As a small G protein, Rab2A can switch between the GTP-bound active form and the GDP-bound inactive form [25]. The GTP-bound form, but not GDP-bound form, of Rab2A markedly augmented protein levels of exogenous PPARγ2-MYC (S7A Fig) and endogenous PPARγ (Fig 4D). Moreover, the GTP-bound form, but not GDP-bound form, of Rab2A interacted with PPARγ2-MYC in the co-immunoprecipitation assay (Fig 4E). PPARγ contains several domains, namely N terminal region (NTR), DNA-binding domain (DBD), ligand-binding domain (LBD), and a special region at the carboxyl terminus known as activation function 2 (AF-2) [15]. Besides these domains commonly found in both PPARγ isoforms, PPARγ2 has an additional 30 amino acids at its N-terminus as compared to PPARγ1. Interestingly, analyses with internal deletion mutants revealed that PPARγ2 with deletion of the AF-2 domain, but not other domains, lost its ability to respond to Rab2A (Fig 4F, S7B and S7C Fig). Notably, deficiency of the AF-2 domain prevented the binding of PPARγ2 to Rab2A in the co-immunoprecipitation assay (Fig 4F). These data suggest that the GTP-bound active form of Rab2A might interact with the AF-2 domain of PPARγ to increase the protein level of PPARγ.
We next examined whether Rab2A might regulate PPARγ stability to control its protein level. To this end, we first determined the effect of Rab2A overexpression on the degradation rate of PPARγ2-MYC. Addition of CHX triggered a rapid decrease of PPARγ2-MYC protein, and overexpression of Rab2A markedly slowed down the CHX-induced decrease of PPARγ2-MYC (S7D and S7E Fig).
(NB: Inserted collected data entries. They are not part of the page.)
(* Let $X$ be a metric space and $v\in X$ a point such that $\mathscr C(v)$ is finite, and let $A_v:=A(d_v)$. Then: (1) every $A\in\mathscr A(X)$ with $A\subset A_v$ satisfies $\mathrm{rk}(A)\le\frac12|\mathscr C(v)|$; (2) there are at most $2^{|\mathscr C(v)|-1}-1$ sets $A\in\mathscr A(X)$ with $A\subset A_v$ and $\mathrm{rk}(A)=1$.
   Context: $d_v=d(\cdot,v)$. $I(x,y)=\{u: d(x,u)+d(u,y)=d(x,y)\}$, $C(x,v)=\{y: v\in I(x,y)\}$, and $\mathscr C(v)=\{C(x,v): x\in X\}$. For $f\colon X\to\mathbb R$, $A(f)$ is the set of unordered pairs $\{x,y\}$ ($x=y$ allowed) with $f(x)+f(y)=d(x,y)$; $\Delta(X)=\{f: f(x)+f(y)\ge d(x,y)\ \forall x,y\}$; $\mathscr A(X)=\{A(f): f\in\Delta(X),\ \bigcup A(f)=X\}$; $\mathrm{rk}(A)=\dim\{g\in\mathbb R^X: g(x)+g(y)=d(x,y)\ \forall\{x,y\}\in A\}$. *)

theory Defs
  imports "HOL-Analysis.Analysis" "HOL-Library.Function_Algebras"
begin

text \<open>The metric space X is the whole type 'a (class metric_space), d = dist.\<close>

definition dv :: "'a::metric_space \<Rightarrow> 'a \<Rightarrow> real" where
  "dv v = (\<lambda>x. dist x v)"

definition interval :: "'a::metric_space \<Rightarrow> 'a \<Rightarrow> 'a set" where
  "interval x y = {u. dist x u + dist u y = dist x y}"

definition Cone :: "'a::metric_space \<Rightarrow> 'a \<Rightarrow> 'a set" where
  "Cone x v = {y. v \<in> interval x y}"

definition Cones :: "'a::metric_space \<Rightarrow> 'a set set" where
  "Cones v = {Cone x v | x. True}"

text \<open>Unordered pairs {x,y} (x = y allowed) are represented as sets {x,y}.\<close>
definition Aset :: "('a::metric_space \<Rightarrow> real) \<Rightarrow> 'a set set" where
  "Aset f = {{x, y} | x y. f x + f y = dist x y}"

definition Delta :: "('a::metric_space \<Rightarrow> real) set" where
  "Delta = {f. \<forall>x y. f x + f y \<ge> dist x y}"

definition AA :: "'a::metric_space set set set" where
  "AA = {Aset f | f. f \<in> Delta \<and> \<Union>(Aset f) = UNIV}"

definition Sol :: "'a::metric_space set set \<Rightarrow> ('a \<Rightarrow> real) set" where
  "Sol A = {g. \<forall>x y. {x, y} \<in> A \<longrightarrow> g x + g y = dist x y}"

text \<open>Dimension of the affine solution set = dimension of its direction space.\<close>
definition rk_space :: "'a::metric_space set set \<Rightarrow> ('a \<Rightarrow> real) set" where
  "rk_space A = {g - h | g h. g \<in> Sol A \<and> h \<in> Sol A}"

definition fscale :: "real \<Rightarrow> ('a \<Rightarrow> real) \<Rightarrow> ('a \<Rightarrow> real)" where
  "fscale c f = (\<lambda>x. c * f x)"

lemma vector_space_fscale: "vector_space fscale"
  by unfold_locales (auto simp: fscale_def algebra_simps)

definition rk :: "'a::metric_space set set \<Rightarrow> nat" where
  "rk A = vector_space.dim fscale (rk_space A)"

end

theory Submission
  imports Defs
begin

text \<open>Let \<open>A = A(f)\<close> with \<open>A \<subseteq> A\<^sub>v\<close>. Whether a pair \<open>{x,y}\<close> is tight for \<open>f\<close> depends only
  on the cone \<open>C(x,v)\<close>, so every direction \<open>h\<close> of the solution space (\<open>h(x) + h(y) = 0\<close> on tight
  pairs) is constant on cones. Joining two cones when they contain a tight pair gives a graph on
  \<open>\<C>(v)\<close> without isolated vertices; it has a dominating set of at most \<open>|\<C>(v)|/2\<close> cones, and
  a direction is determined by its values there, which bounds the rank.

  The defect \<open>f - d\<^sub>v\<close> is itself a direction, positive at \<open>v\<close> in rank one. Rank one then forces
  it to take only the values \<open>0, \<plusminus>f(v)\<close>, so \<open>A\<close> is determined by the set where \<open>f < d\<^sub>v\<close>, a
  nonempty union of cones avoiding \<open>C(v,v)\<close>: at most \<open>2\<^bsup>|\<C>(v)|-1\<^esup> - 1\<close> choices.\<close>

interpretation fun_vs: vector_space "fscale :: real \<Rightarrow> ('a \<Rightarrow> real) \<Rightarrow> 'a \<Rightarrow> real"
  by (rule vector_space_fscale)

lemma Aset_pair_iff: "{x, y} \<in> Aset f \<longleftrightarrow> f x + f y = dist x y"
  by (auto simp: Aset_def doubleton_eq_iff dist_commute add.commute)

lemma Aset_cover_partner:
  assumes "\<Union>(Aset f) = UNIV"
  shows "\<exists>y. f x + f y = dist x y"
proof -
  have "x \<in> \<Union>(Aset f)" using assms by simp
  then obtain a b where "x \<in> {a, b}" "f a + f b = dist a b" unfolding Aset_def by blast
  then show ?thesis by (metis add.commute dist_commute insertE singletonD)
qed

lemma Cone_iff: "y \<in> Cone x v \<longleftrightarrow> dist x v + dist v y = dist x y"
  by (simp add: Cone_def interval_def)

definition dominates :: "'a set \<Rightarrow> ('a \<Rightarrow> 'a \<Rightarrow> bool) \<Rightarrow> 'a set \<Rightarrow> bool" where
  "dominates V E D \<longleftrightarrow> (\<forall>u\<in>V. u \<in> D \<or> (\<exists>w\<in>D. E u w) \<or> E u u)"

lemma dominates_complement_of_minimum:
  assumes no_isolated: "\<And>u. u \<in> V \<Longrightarrow> \<exists>w\<in>V. E u w"
    and sym: "\<And>u w. E u w \<Longrightarrow> E w u"
    and "finite V" "D \<subseteq> V" "dominates V E D"
    and minimum: "\<And>D'. D' \<subseteq> V \<Longrightarrow> dominates V E D' \<Longrightarrow> card D \<le> card D'"
  shows "dominates V E (V - D)"
  unfolding dominates_def
proof (intro ballI, rule ccontr)
  fix u assume "u \<in> V" and "\<not> (u \<in> V - D \<or> (\<exists>w\<in>V - D. E u w) \<or> E u u)"
  then have u: "u \<in> D" "\<not> E u u" "\<And>w. w \<in> V - D \<Longrightarrow> \<not> E u w" by auto
  have "dominates V E (D - {u})"
    unfolding dominates_def
  proof
    fix z assume z: "z \<in> V"
    show "z \<in> D - {u} \<or> (\<exists>w\<in>D - {u}. E z w) \<or> E z z"
    proof (cases "z = u")
      case True
      then show ?thesis using no_isolated[OF \<open>u \<in> V\<close>] u by fastforce
    next
      case False
      then show ?thesis
        using \<open>dominates V E D\<close> z u(3) sym unfolding dominates_def by fastforce
    qed
  qed
  then have "card D \<le> card (D - {u})" using minimum \<open>D \<subseteq> V\<close> by blast
  moreover have "card (D - {u}) < card D"
    using u(1) \<open>finite V\<close> \<open>D \<subseteq> V\<close> by (meson card_Diff1_less finite_subset)
  ultimately show False by simp
qed

lemma dominating_set_half:
  assumes "finite V"
    and "\<And>u. u \<in> V \<Longrightarrow> \<exists>w\<in>V. E u w"
    and "\<And>u w. E u w \<Longrightarrow> E w u"
  obtains T where "T \<subseteq> V" "2 * card T \<le> card V" "dominates V E T"
proof -
  have "dominates V E V" by (simp add: dominates_def)
  then obtain D where D: "D \<subseteq> V" "dominates V E D"
    and minimum: "\<And>D'. D' \<subseteq> V \<Longrightarrow> dominates V E D' \<Longrightarrow> card D \<le> card D'"
    using ex_has_least_nat[of "\<lambda>D. D \<subseteq> V \<and> dominates V E D" V card] by blast
  have "dominates V E (V - D)"
    using dominates_complement_of_minimum assms D minimum by blast
  moreover have "card D + card (V - D) = card V"
    using D(1) \<open>finite V\<close> by (metis card_Diff_subset card_mono finite_subset le_add_diff_inverse)
  ultimately show ?thesis
    using that[of D] that[of "V - D"] D by (cases "card D \<le> card (V - D)") auto
qed

lemma fibrewise_in_span_indicators:
  fixes h :: "'a \<Rightarrow> real" and cls :: "'a \<Rightarrow> 'b"
  assumes "finite T"
    and const: "\<And>x y. cls x = cls y \<Longrightarrow> h x = h y"
    and outside: "\<And>x. cls x \<notin> T \<Longrightarrow> h x = 0"
  shows "h \<in> fun_vs.span ((\<lambda>C. indicator (cls -` {C})) ` T)"
proof -
  define rep where "rep C = (SOME x. cls x = C)" for C
  have "h = (\<Sum>C\<in>T. fscale (h (rep C)) (indicator (cls -` {C})))"
  proof
    fix x
    have "(\<Sum>C\<in>T. fscale (h (rep C)) (indicator (cls -` {C}))) x
        = (\<Sum>C\<in>T. if cls x = C then h (rep C) else 0)"
      by (induction T rule: infinite_finite_induct) (auto simp: fscale_def indicator_def)
    also have "\<dots> = h x"
      using \<open>finite T\<close> outside const[of "rep (cls x)" x] someI[of "\<lambda>y. cls y = cls x" x]
      by (auto simp: rep_def)
    finally show "h x = (\<Sum>C\<in>T. fscale (h (rep C)) (indicator (cls -` {C}))) x" ..
  qed
  also have "\<dots> \<in> fun_vs.span ((\<lambda>C. indicator (cls -` {C})) ` T)"
    by (intro fun_vs.span_sum fun_vs.span_scale fun_vs.span_base) auto
  finally show ?thesis .
qed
These data demonstrate that Rab2A indeed regulates PPARγ stability. We next examined whether Rab2A regulates PPARγ stability through the lysosome or proteasome pathway. Treatments with the inhibitors of proteasome, MG132 and ALLN (Ac-LLnL-CHO), both caused accumulation of PPARγ2-MYC in a concentration- and time-dependent manner (Fig 4G–4N). Notably, overexpression of Rab2A markedly attenuated the effects of these proteasome inhibitors on the accumulation rate of PPARγ2-MYC (Fig 4G–4N). By contrast, overexpression of Rab2A did not alleviate the accumulation of PPARγ2-MYC induced by the lysosomal inhibitors, NH4Cl and bafilomycin A1 (S7F–S7M Fig).
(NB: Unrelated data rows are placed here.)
(* Let $V$ be an Archimedean linear lattice and let $(\mathcal{R}, S, V)$ be a $V$-complete vector $S$-metric space. Let $p, q, k:\mathcal{R}\to\mathcal{R}$ be maps satisfying: (i) for all $\xi,\gamma\in\mathcal{R}$, $$S(p\xi,p\xi,q\gamma)\preceq h_1 S(k\xi,k\xi,k\gamma)+h_2 S(p\xi,p\xi,k\xi)+h_3 S(q\gamma,q\gamma,k\gamma)+h_4 S(p\xi,p\xi,k\gamma)+h_5 S(q\gamma,q\gamma,k\xi),$$ where $h_1,\dots,h_5$ are positive real constants with $2h_1+2h_2+2h_3+4h_4+4h_5<1$; (ii) $p(\mathcal{R})\cup q(\mathcal{R})\subset k(\mathcal{R})$; (iii) one of $p(\mathcal{R})$, $q(\mathcal{R})$ or $k(\mathcal{R})$ is a $V$-complete subspace of $\mathcal{R}$. Then the pairs $\{p,k\}$ and $\{q,k\}$ have a unique point of coincidence in $\mathcal{R}$. If moreover $\{p,k\}$ and $\{q,k\}$ are weakly compatible, then $p$, $q$ and $k$ have a unique common fixed point in $\mathcal{R}$.
   Context: An ordered linear space is a real vector space $V$ with a partial order $\preceq$ such that $x\preceq y$ implies $x+z\preceq y+z$ and $\omega x\preceq \omega y$ for all $z\in V$, $\omega>0$. A linear lattice (Riesz space) is an ordered linear space in which every two-element set has a supremum and an infimum. Write $V^+=\{x\in V: x\succeq 0\}$; for a sequence $\langle\mu_n\rangle$ in $V$, $\mu_n\downarrow 0$ means $\mu_n$ is decreasing with infimum $0$. $V$ is Archimedean if $\frac1n x\downarrow 0$ for every $x\in V^+$. A vector $S$-metric on a nonempty set $\mathcal{R}$ is a map $S:\mathcal{R}\times\mathcal{R}\times\mathcal{R}\to V$ such that for all $x,y,z,a\in\mathcal{R}$: (a) $S(x,y,z)\succeq 0$; (b) $S(x,y,z)=0$ iff $x=y=z$; (c) $S(x,y,z)\preceq S(x,x,a)+S(y,y,a)+S(z,z,a)$. Then $(\mathcal{R},S,V)$ is a vector $S$-metric space. A sequence $\langle x_n\rangle$ in $\mathcal{R}$ $V$-converges to $x\in\mathcal{R}$ if there is a sequence $\mu_n\downarrow 0$ in $V$ with $S(x_n,x_n,x)\preceq \mu_n$ for all $n$; it is $V$-Cauchy if there is $\mu_n\downarrow0$ in $V$ with $S(x_n,x_n,x_{n+q})\preceq\mu_n$ for all $n,q$. The space (or a subset) is $V$-complete if every $V$-Cauchy sequence in it $V$-converges to a limit in it. For maps $f,g:\mathcal{R}\to\mathcal{R}$, a point $x$ with $fx=gx=y$ is a coincidence point and $y$ is a point of coincidence of $f$ and $g$; $f,g$ are weakly compatible if $fgx=gfx$ whenever $fx=gx$. A common fixed point of several maps is a point fixed by all of them. *)

theory Defs
  imports "HOL-Analysis.Analysis"
begin

text \<open>V is modelled as a type of class ordered_real_vector (ordered linear space) together
  with class lattice (every two-element set has sup and inf): a linear lattice.\<close>

definition decr_to_zero :: "(nat \<Rightarrow> 'v::ordered_real_vector) \<Rightarrow> bool" where
  "decr_to_zero \<mu> \<longleftrightarrow> (\<forall>n. \<mu> (Suc n) \<le> \<mu> n) \<and> (\<forall>n. 0 \<le> \<mu> n)
      \<and> (\<forall>b. (\<forall>n. b \<le> \<mu> n) \<longrightarrow> b \<le> 0)"

definition archimedean_V :: "'v::ordered_real_vector itself \<Rightarrow> bool" where
  "archimedean_V TYPE('v) \<longleftrightarrow>
     (\<forall>x::'v. 0 \<le> x \<longrightarrow> decr_to_zero (\<lambda>n. (1 / real (Suc n)) *\<^sub>R x))"

definition vector_S_metric :: "('a \<Rightarrow> 'a \<Rightarrow> 'a \<Rightarrow> 'v::ordered_real_vector) \<Rightarrow> bool" where
  "vector_S_metric S \<longleftrightarrow>
     (\<forall>x y z. 0 \<le> S x y z) \<and>
     (\<forall>x y z. S x y z = 0 \<longleftrightarrow> x = y \<and> y = z) \<and>
     (\<forall>x y z a. S x y z \<le> S x x a + S y y a + S z z a)"

definition V_converges :: "('a \<Rightarrow> 'a \<Rightarrow> 'a \<Rightarrow> 'v::ordered_real_vector) \<Rightarrow> (nat \<Rightarrow> 'a) \<Rightarrow> 'a \<Rightarrow> bool" where
  "V_converges S x l \<longleftrightarrow> (\<exists>\<mu>. decr_to_zero \<mu> \<and> (\<forall>n. S (x n) (x n) l \<le> \<mu> n))"

definition V_Cauchy :: "('a \<Rightarrow> 'a \<Rightarrow> 'a \<Rightarrow> 'v::ordered_real_vector) \<Rightarrow> (nat \<Rightarrow> 'a) \<Rightarrow> bool" where
  "V_Cauchy S x \<longleftrightarrow> (\<exists>\<mu>. decr_to_zero \<mu> \<and> (\<forall>n q. S (x n) (x n) (x (n + q)) \<le> \<mu> n))"

definition V_complete :: "('a \<Rightarrow> 'a \<Rightarrow> 'a \<Rightarrow> 'v::ordered_real_vector) \<Rightarrow> 'a set \<Rightarrow> bool" where
  "V_complete S A \<longleftrightarrow>
     (\<forall>x. (\<forall>n. x n \<in> A) \<longrightarrow> V_Cauchy S x \<longrightarrow> (\<exists>l\<in>A. V_converges S x l))"

definition point_of_coincidence :: "('a \<Rightarrow> 'a) \<Rightarrow> ('a \<Rightarrow> 'a) \<Rightarrow> 'a \<Rightarrow> bool" where
  "point_of_coincidence f g y \<longleftrightarrow> (\<exists>x. f x = y \<and> g x = y)"

definition weakly_compatible :: "('a \<Rightarrow> 'a) \<Rightarrow> ('a \<Rightarrow> 'a) \<Rightarrow> bool" where
  "weakly_compatible f g \<longleftrightarrow> (\<forall>x. f x = g x \<longrightarrow> f (g x) = g (f x))"

end

theory Submission
  imports Defs
begin

text \<open>Since \<open>p(R) \<union> q(R) \<subseteq> k(R)\<close>, one can choose a sequence with \<open>k x(n+1) = p x(n)\<close> for even
  \<open>n\<close> and \<open>k x(n+1) = q x(n)\<close> for odd \<open>n\<close> (a Jungck sequence). The contraction condition and the
  triangle inequality of \<open>S\<close> make the distances between consecutive terms of \<open>y(n) = k x(n)\<close>
  shrink by the factor \<open>\<lambda> = (h1 + h2 + h3 + h4 + h5) / (1 - h2 - h3 - 2 h4 - 2 h5) < 1\<close>.
  As \<open>V\<close> is Archimedean, the vectors \<open>c \<lambda>\<^sup>n d\<close> decrease to \<open>0\<close>, so \<open>y\<close> is V-Cauchy; its odd
  resp. even terms lie in \<open>p(R)\<close> resp. \<open>q(R)\<close>, so whichever of \<open>p(R)\<close>, \<open>q(R)\<close>, \<open>k(R)\<close> is complete
  provides a limit \<open>u = k v\<close>. Passing to the limit in the contraction condition gives
  \<open>p v = q v = u\<close>, and applied to two points of coincidence it shows that they are equal.
  Weak compatibility turns the unique point of coincidence into the unique common fixed point.\<close>

lemma decr_to_zero_antimono:
  assumes "decr_to_zero \<mu>" "n \<le> m"
  shows "\<mu> m \<le> \<mu> n"
  using assms(2)
proof (induction m rule: dec_induct)
  case (step m)
  then show ?case using assms(1) unfolding decr_to_zero_def by (meson order_trans)
qed simp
Taken together, these data demonstrate that the GTP-bound form of Rab2A binds to the AF-2 domain of PPARγ and inhibits the proteasomal degradation of PPARγ.
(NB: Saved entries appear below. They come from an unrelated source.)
(* Every rotation $R$ of $\mathbb{R}^4$ can be written as $R=R_0\circ R^{xw}_\psi\circ R^{zw}_\phi\circ R^{xy}_\theta$ for some angles $\theta,\phi,\psi$ and some rotation $R_0$ of $\mathbb{R}^4$ that is the trivial extension of a rotation of $\mathbb{R}^3=\{(x,y,z,0)\}$ (i.e. $R_0$ fixes $(0,0,0,1)$ and maps $\{(x,y,z,0)\}$ to itself).
   Context: A rotation of $\mathbb{R}^n$ is a linear map whose matrix is orthogonal with determinant $1$. Denote coordinates of $\mathbb{R}^4$ by $(x,y,z,w)$ (indices $1,2,3,4$). For coordinate indices $k<j$, the elementary rotation $R^{kj}_\alpha$ is the linear map of $\mathbb{R}^4$ that fixes the other two standard basis vectors and acts on the $k,j$ coordinate plane by $\mathbf{e}_k\mapsto\cos\alpha\,\mathbf{e}_k+\sin\alpha\,\mathbf{e}_j$, $\mathbf{e}_j\mapsto-\sin\alpha\,\mathbf{e}_k+\cos\alpha\,\mathbf{e}_j$. Thus $R^{xy}_\theta$, $R^{zw}_\phi$, $R^{xw}_\psi$ are the elementary rotations of the $x,y$-, $z,w$- and $x,w$-planes respectively. *)

theory Defs
  imports "HOL-Analysis.Analysis"
begin

text \<open>Rotations of R^n as matrices (columns = images of standard basis vectors).\<close>
definition rotation :: "real^'n^'n \<Rightarrow> bool" where
  "rotation A \<longleftrightarrow> orthogonal_matrix A \<and> det A = 1"

definition elem_rot :: "4 \<Rightarrow> 4 \<Rightarrow> real \<Rightarrow> real^4^4" where
  "elem_rot k j a = (\<chi> r c.
     if r = k \<and> c = k then cos a
     else if r = j \<and> c = k then sin a
     else if r = k \<and> c = j then - sin a
     else if r = j \<and> c = j then cos a
     else if r = c then 1 else 0)"

end

theory Submission
  imports Defs
begin

text \<open>The fourth row of the rotation \<open>R\<close> is a unit vector. Written in Hopf coordinates it is the
  fourth row of \<open>A = R\<^sup>x\<^sup>w\<^sub>\<psi> R\<^sup>z\<^sup>w\<^sub>\<phi> R\<^sup>x\<^sup>y\<^sub>\<theta>\<close> for suitable angles. Then \<open>R\<^sub>0 = R A\<^sup>T\<close> is a rotation whose
  fourth row is \<open>e\<^sub>4\<close>; being orthogonal, it fixes \<open>e\<^sub>4\<close> and hence preserves the hyperplane
  \<open>e\<^sub>4\<^sup>\<bottom>\<close>.\<close>

lemma rotation_mult:
  fixes A B :: "real^'n^'n"
  assumes "rotation A" "rotation B"
  shows "rotation (A ** B)"
  using assms by (simp add: rotation_def orthogonal_matrix_mul det_mul)

lemma rotation_transpose:
  fixes A :: "real^'n^'n"
  assumes "rotation A"
  shows "rotation (transpose A)"
  using assms by (simp add: rotation_def det_transpose)

lemma elem_rot_zero: "elem_rot k j 0 = mat 1"
  by (simp add: vec_eq_iff forall_4 elem_rot_def mat_def)

lemma transpose_elem_rot: "transpose (elem_rot k j a) = elem_rot k j (- a)"
  by (simp add: vec_eq_iff forall_4 elem_rot_def transpose_def)

lemma elem_rot_add:
  assumes "k \<noteq> j"
  shows "elem_rot k j a ** elem_rot k j b = elem_rot k j (a + b)"
  using assms exhaust_4[of k] exhaust_4[of j]
  by (auto simp: vec_eq_iff forall_4 matrix_matrix_mult_def elem_rot_def sum_4 cos_add sin_add)

lemma rotation_elem_rot:
  assumes "k \<noteq> j"
  shows "rotation (elem_rot k j a)"
proof -
  have orth: "orthogonal_matrix (elem_rot k j b)" for b
    unfolding orthogonal_matrix_def transpose_elem_rot
    by (simp add: elem_rot_add[OF assms] elem_rot_zero)
  \<comment> \<open>The determinant is \<open>\<plusminus>1\<close>, and it is a square since the rotation by \<open>a\<close> is twice the rotation by \<open>a/2\<close>.\<close>
  have "det (elem_rot k j a) = (det (elem_rot k j (a/2)))\<^sup>2"
    using elem_rot_add[OF assms, of "a/2" "a/2"]
    by (simp add: power2_eq_square flip: det_mul)
  moreover have "det (elem_rot k j a) = 1 \<or> det (elem_rot k j a) = -1"
    using det_orthogonal_matrix[OF orth] .
  ultimately have "det (elem_rot k j a) = 1"
    by (metis zero_le_power2 neg_0_le_iff_le not_one_le_zero)
  with orth show ?thesis
    by (simp add: rotation_def)
qed

lemma real_polar_coordinates:
  fixes a b :: real
  shows "\<exists>t. a = sqrt (a\<^sup>2 + b\<^sup>2) * cos t \<and> b = sqrt (a\<^sup>2 + b\<^sup>2) * sin t"
proof -
  let ?z = "Complex a b"
  have "rcis (cmod ?z) (Arg ?z) = ?z"
    by (rule rcis_cmod_Arg)
  then have "a = cmod ?z * cos (Arg ?z) \<and> b = cmod ?z * sin (Arg ?z)"
    by (metis complex.sel Re_rcis Im_rcis)
  then show ?thesis
    by (auto simp: cmod_def)
qed

lemma unit_sphere_hopf_coordinates:
  fixes a b c d :: real
  assumes "a\<^sup>2 + b\<^sup>2 + c\<^sup>2 + d\<^sup>2 = 1"
  obtains \<theta> \<phi> \<psi> where
    "a = sin \<psi> * cos \<theta>" "b = sin \<psi> * sin \<theta>" "c = cos \<psi> * sin \<phi>" "d = cos \<psi> * cos \<phi>"
proof -
  define \<rho> where "\<rho> = sqrt (c\<^sup>2 + d\<^sup>2)"
  define \<sigma> where "\<sigma> = sqrt (a\<^sup>2 + b\<^sup>2)"
  obtain \<theta> where \<theta>: "a = \<sigma> * cos \<theta>" "b = \<sigma> * sin \<theta>"
    using real_polar_coordinates[of a b] unfolding \<sigma>_def by blast
  obtain \<phi> where \<phi>: "d = \<rho> * cos \<phi>" "c = \<rho> * sin \<phi>"
    using real_polar_coordinates[of d c] unfolding \<rho>_def by (auto simp: add.commute)
  have "\<rho>\<^sup>2 + \<sigma>\<^sup>2 = 1"
    using assms by (simp add: \<rho>_def \<sigma>_def algebra_simps)
  then obtain \<psi> where \<psi>: "\<rho> = cos \<psi>" "\<sigma> = sin \<psi>"
    using real_polar_coordinates[of \<rho> \<sigma>] by auto
  show ?thesis
    by (rule that[of \<psi> \<theta> \<phi>]) (simp_all add: \<theta> \<phi> \<psi>)
qed

lemma row4_elem_rot_product_surj:
  fixes u :: "real^4"
  assumes "norm u = 1"
  obtains \<theta> \<phi> \<psi> where "row 4 (elem_rot 1 4 \<psi> ** elem_rot 3 4 \<phi> ** elem_rot 1 2 \<theta>) = u"
proof -
  have "(u$1)\<^sup>2 + (u$2)\<^sup>2 + (u$3)\<^sup>2 + (u$4)\<^sup>2 = 1"
    using assms by (simp add: norm_eq_1 inner_vec_def sum_4 power2_eq_square)
  then obtain \<theta> \<phi> \<psi> where
    "u$1 = sin \<psi> * cos \<theta>" "u$2 = sin \<psi> * sin \<theta>" "u$3 = cos \<psi> * sin \<phi>" "u$4 = cos \<psi> * cos \<phi>"
    by (rule unit_sphere_hopf_coordinates)
  then have "row 4 (elem_rot 1 4 \<psi> ** elem_rot 3 4 \<phi> ** elem_rot 1 2 (- \<theta>)) = u"
    by (simp add: vec_eq_iff forall_4 row_def matrix_matrix_mult_def elem_rot_def sum_4)
  then show ?thesis
    by (rule that)
qed

lemma orthogonal_matrix_mul_transpose_fixes_axis:
  fixes R A :: "real^'n^'n"
  assumes "orthogonal_matrix R" "row i R = row i A"
  shows "(R ** transpose A) *v axis i 1 = axis i 1"
proof -
  have row: "transpose M *v axis i 1 = row i M" for M :: "real^'n^'n"
    by (simp only: matrix_vector_mult_basis column_transpose)
  have "(R ** transpose A) *v axis i 1 = R *v row i A"
    by (simp only: matrix_vector_mul_assoc[symmetric] row)
  also have "\<dots> = (R ** transpose R) *v axis i 1"
    by (simp only: assms(2)[symmetric] matrix_vector_mul_assoc[symmetric] row)
  also have "\<dots> = axis i 1"
    using assms(1) by (simp add: orthogonal_matrix_def)
  finally show ?thesis .
qed

lemma orthogonal_matrix_fixing_axis_preserves_coordinate:
  fixes Q :: "real^'n^'n"
  assumes "orthogonal_matrix Q" "Q *v axis i 1 = axis i 1"
  shows "(Q *v v) $ i = v $ i"
proof -
  have "orthogonal_transformation ((*v) Q)"
    using assms(1) by (simp add: orthogonal_transformation_matrix)
  then have "(Q *v v) \<bullet> (Q *v axis i 1) = v \<bullet> axis i 1"
    by (simp add: orthogonal_transformation_def)
  then show ?thesis
    by (simp add: assms(2) cart_eq_inner_axis)
qed

theorem theorem3:
  fixes R :: "real^4^4"
  assumes "rotation R"
  shows "\<exists>R0 \<theta> \<phi> \<psi>.
           rotation R0 \<and>
           R0 *v axis 4 1 = axis 4 1 \<and>
           (\<forall>v::real^4. v $ 4 = 0 \<longrightarrow> (R0 *v v) $ 4 = 0) \<and>
           R = R0 ** elem_rot 1 4 \<psi> ** elem_rot 3 4 \<phi> ** elem_rot 1 2 \<theta>"
proof -
  have orth: "orthogonal_matrix R"
    using assms by (simp add: rotation_def)
  then obtain \<theta> \<phi> \<psi> where row4: "row 4 (elem_rot 1 4 \<psi> ** elem_rot 3 4 \<phi> ** elem_rot 1 2 \<theta>) = row 4 R"
    by (meson orthogonal_matrix_orthonormal_rows row4_elem_rot_product_surj)
  define A where "A = elem_rot 1 4 \<psi> ** elem_rot 3 4 \<phi> ** elem_rot 1 2 \<theta>"
  have "rotation A"
    unfolding A_def by (intro rotation_mult rotation_elem_rot) simp_all
  define R0 where "R0 = R ** transpose A"
  have "rotation R0"
    unfolding R0_def using assms \<open>rotation A\<close> by (intro rotation_mult rotation_transpose)
  moreover have fix4: "R0 *v axis 4 1 = axis 4 1"
    unfolding R0_def using orth row4 by (simp add: A_def orthogonal_matrix_mul_transpose_fixes_axis)
  moreover have "\<forall>v::real^4. v $ 4 = 0 \<longrightarrow> (R0 *v v) $ 4 = 0"
    using \<open>rotation R0\<close> orthogonal_matrix_fixing_axis_preserves_coordinate[OF _ fix4]
    by (simp add: rotation_def)
  moreover have "R = R0 ** A"
    using \<open>rotation A\<close> unfolding R0_def rotation_def orthogonal_matrix
    by (metis matrix_mul_assoc matrix_mul_rid)
  then have "R = R0 ** elem_rot 1 4 \<psi> ** elem_rot 3 4 \<phi> ** elem_rot 1 2 \<theta>"
    by (simp add: A_def matrix_mul_assoc)
  ultimately show ?thesis
    by blast
qed

end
Nutrition status regulates the activity of the AMPK-TBC1D1-Rab2A axis and subsequently the protein level of PPARγ
AMPK is a well-known kinase that senses the energy/nutrient status including cellular glucose levels [26]. Therefore, we investigated how the AMPK-TBC1D1-Rab2A axis regulates PPARγ protein in response to nutrition status. We first utilized a mouse model of western diet-induced obesity (DIO), which develops fatty liver due to overnutrition. Overnutrition in the DIO mice expectedly inactivated AMPK as evidenced by decreased phosphorylation of AMPK, which consequently resulted in lower TBC1D1 phosphorylation in the liver (Fig 5A and 5B). Notably, Rab2A became GTP-loaded active form in the liver of DIO mice (Fig 5A and 5B). Both Pparγ1 and Pparγ2 mRNA levels did not change in the liver of DIO mice (Fig 5C), while their protein levels were significantly increased (Fig 5A and 5B). Moreover, PPARγ target genes were also significantly increased in the liver of DIO mice (Fig 5C). These data show that the AMPK-TBC1D1-Rab2A axis responds to overnutrition to increase PPARγ protein in mouse livers.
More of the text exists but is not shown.